((

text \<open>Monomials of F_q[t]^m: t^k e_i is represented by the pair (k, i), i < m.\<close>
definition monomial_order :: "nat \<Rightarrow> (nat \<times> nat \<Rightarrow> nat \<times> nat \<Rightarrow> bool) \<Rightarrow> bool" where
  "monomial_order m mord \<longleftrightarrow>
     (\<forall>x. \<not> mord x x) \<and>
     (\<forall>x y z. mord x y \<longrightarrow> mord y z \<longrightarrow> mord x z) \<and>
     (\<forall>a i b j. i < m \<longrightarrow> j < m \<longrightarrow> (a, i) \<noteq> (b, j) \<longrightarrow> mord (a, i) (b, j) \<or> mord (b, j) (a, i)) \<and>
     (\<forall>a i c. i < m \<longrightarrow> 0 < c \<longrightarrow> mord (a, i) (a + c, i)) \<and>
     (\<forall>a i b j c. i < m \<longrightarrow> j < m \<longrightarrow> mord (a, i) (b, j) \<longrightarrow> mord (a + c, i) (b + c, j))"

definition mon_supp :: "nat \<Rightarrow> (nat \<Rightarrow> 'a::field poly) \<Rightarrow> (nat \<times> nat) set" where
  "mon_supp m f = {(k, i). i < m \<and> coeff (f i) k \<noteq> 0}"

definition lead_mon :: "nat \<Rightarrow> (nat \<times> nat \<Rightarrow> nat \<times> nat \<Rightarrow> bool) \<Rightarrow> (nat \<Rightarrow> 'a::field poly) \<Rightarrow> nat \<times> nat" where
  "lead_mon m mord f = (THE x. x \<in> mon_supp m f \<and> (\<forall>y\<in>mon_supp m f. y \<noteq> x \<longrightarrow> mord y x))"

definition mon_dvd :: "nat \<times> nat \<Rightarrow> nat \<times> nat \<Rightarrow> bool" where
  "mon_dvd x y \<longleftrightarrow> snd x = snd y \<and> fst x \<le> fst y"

))

- **DIRECTIONS**
Output every record above, exactly as written.

- **RESULT OF THE EXERCISE**
text \<open>Monomials of F_q[t]^m: t^k e_i is represented by the pair (k, i), i < m.\<close>
definition monomial_order :: "nat \<Rightarrow> (nat \<times> nat \<Rightarrow> nat \<times> nat \<Rightarrow> bool) \<Rightarrow> bool" where
  "monomial_order m mord \<longleftrightarrow>
     (\<forall>x. \<not> mord x x) \<and>
     (\<forall>x y z. mord x y \<longrightarrow> mord y z \<longrightarrow> mord x z) \<and>
     (\<forall>a i b j. i < m \<longrightarrow> j < m \<longrightarrow> (a, i) \<noteq> (b, j) \<longrightarrow> mord (a, i) (b, j) \<or> mord (b, j) (a, i)) \<and>
     (\<forall>a i c. i < m \<longrightarrow> 0 < c \<longrightarrow> mord (a, i) (a + c, i)) \<and>
     (\<forall>a i b j c. i < m \<longrightarrow> j < m \<longrightarrow> mord (a, i) (b, j) \<longrightarrow> mord (a + c, i) (b + c, j))"

definition mon_supp :: "nat \<Rightarrow> (nat \<Rightarrow> 'a::field poly) \<Rightarrow> (nat \<times> nat) set" where
  "mon_supp m f = {(k, i). i < m \<and> coeff (f i) k \<noteq> 0}"

definition lead_mon :: "nat \<Rightarrow> (nat \<times> nat \<Rightarrow> nat \<times> nat \<Rightarrow> bool) \<Rightarrow> (nat \<Rightarrow> 'a::field poly) \<Rightarrow> nat \<times> nat" where
  "lead_mon m mord f = (THE x. x \<in> mon_supp m f \<and> (\<forall>y\<in>mon_supp m f. y \<noteq> x \<longrightarrow> mord y x))"

definition mon_dvd :: "nat \<times> nat \<Rightarrow> nat \<times> nat \<Rightarrow> bool" where
  "mon_dvd x y \<longleftrightarrow> snd x = snd y \<and> fst x \<le> fst y"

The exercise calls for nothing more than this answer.